I can't randomly walk through any mall, park, or neighborhood because I might
miss something. All events must be sequential.

When I'm at a client site, I interpret everything.

When the restaurant hostess asks my server's name, I say, "Univsrv1".

When invited to a networking event, I bring my toolbox.

I can't start anything new without a Mountain Dew and a bag of Lay's.

When doing anything for the first time, I imagine test cases before I proceed.

I keep trying to "click" by gearshift.

I clean everything in my house with a 50% distilled water/50% isopropyl
alchohol mix.

I keep looking for "alt-tab" on my TV remote instead of "Last Channel".

My cats are named Instance 1, Instance 2, and Instance 3.

I use the simplex method of linear algebra to fit everything in my freezer.

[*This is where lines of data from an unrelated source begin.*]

lemma inj_rep: "inj rep"
proof (rule injI, rule ccontr)
  fix x y assume "rep x = rep y" and "x \<noteq> y"
  then obtain a where a: "is_atom a" and "a \<le> x \<longleftrightarrow> \<not> a \<le> y"
    using atomic_separating_atom[OF atomic] by blast
  moreover have "pair_seq n a id \<in> rep x \<longleftrightarrow> pair_seq n a id \<in> rep y"
    using \<open>rep x = rep y\<close> by simp
  ultimately show False
    using pair_seq_in_rep_iff[OF a] by (simp add: is_nmap_def s_tau_id)
qed

lemma rep_inf: "rep (inf x y) = rep x \<inter> rep y"
proof (rule rep_base_eqI)
  fix a :: 'a and \<tau> assume "is_atom a" "is_nmap n \<tau>"
  then show "pair_seq n a \<tau> \<in> rep (inf x y) \<longleftrightarrow> pair_seq n a \<tau> \<in> rep x \<inter> rep y"
    by (simp add: pair_seq_in_rep_iff s_tau_inf)
qed (use rep_subset in blast)+

lemma rep_compl: "rep (- x) = rep_base - rep x"
proof (rule rep_base_eqI)
  fix a :: 'a and \<tau> assume "is_atom a" "is_nmap n \<tau>"
  then show "pair_seq n a \<tau> \<in> rep (- x) \<longleftrightarrow> pair_seq n a \<tau> \<in> rep_base - rep x"
    by (simp add: pair_seq_in_rep_iff s_tau_compl atom_le_compl_iff pair_seq_in_rep_base)
qed (use rep_subset in blast)+

lemma rep_letter:
  assumes l: "letter_ok n l"
  shows "rep (word_eval ss sw [l] x) = {q \<in> rep_base. q \<circ> letter_map l \<in> rep x}"
proof (rule rep_base_eqI)
  fix a :: 'a and \<tau> assume a: "is_atom a" and \<tau>: "is_nmap n \<tau>"
  have "pair_seq n a \<tau> \<circ> letter_map l = pair_seq n a (\<tau> \<circ> letter_map l)"
    using l by (intro pair_seq_comp) (simp_all add: letter_map_less letter_map_fixed)
  moreover have "is_nmap n (\<tau> \<circ> letter_map l)"
    using \<tau> l by (intro is_nmap_comp) (simp_all add: letter_map_less)
  moreover have "s \<tau> (word_eval ss sw [l] x) = s (\<tau> \<circ> letter_map l) x"
    using s_tau_word_eval[OF \<tau>, of "[l]"] l by (simp add: word_ok_def)
  ultimately show "pair_seq n a \<tau> \<in> rep (word_eval ss sw [l] x) \<longleftrightarrow>
      pair_seq n a \<tau> \<in> {q \<in> rep_base. q \<circ> letter_map l \<in> rep x}"
    using a \<tau> by (simp add: pair_seq_in_rep_iff pair_seq_in_rep_base)
qed (use rep_subset in blast)+

lemma rep_prod:
  assumes p: "is_prod Y p"
  shows "rep p = rep_base \<inter> \<Inter> (rep ` Y)"
proof (rule rep_base_eqI)
  fix a :: 'a and \<tau> assume a: "is_atom a" and \<tau>: "is_nmap n \<tau>"
  have "a \<le> s \<tau> p \<longleftrightarrow> (\<forall>y\<in>Y. a \<le> s \<tau> y)"
  proof
    assume "a \<le> s \<tau> p"
    moreover have "s \<tau> p \<le> s \<tau> y" if "y \<in> Y" for y
      using p that bool_endo_mono[OF bool_endo_s_tau[OF \<tau>]] by (simp add: is_prod_def)
    ultimately show "\<forall>y\<in>Y. a \<le> s \<tau> y" using order_trans by blast
  qed (use le_s_tau_prod[OF a \<tau> p] in blast)
  then show "pair_seq n a \<tau> \<in> rep p \<longleftrightarrow> pair_seq n a \<tau> \<in> rep_base \<inter> \<Inter> (rep ` Y)"
    using a \<tau> by (simp add: pair_seq_in_rep_iff pair_seq_in_rep_base)
qed (use rep_subset in blast)+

I never drink beer until after the final build of the day. (actually true)

I refer to my girlfriend's weird friends as "outliers".

Every time I say "outlier", I worry that my girlfriend may deprecate me.

------
run4yourlives
It's over developed my already prevalent logical thinking. This is great
because I'm known as a clear thinker that can solve complex problems, but I've
found that a lot of people have difficulty thinking in these terms, preferring
to remain in a more emotional pattern.

End result is that it harder to relate to more and more people, which remains
important. I'd imagine this happens to most programmers, although I don't
think there is a good appreciation for how significant this is generally.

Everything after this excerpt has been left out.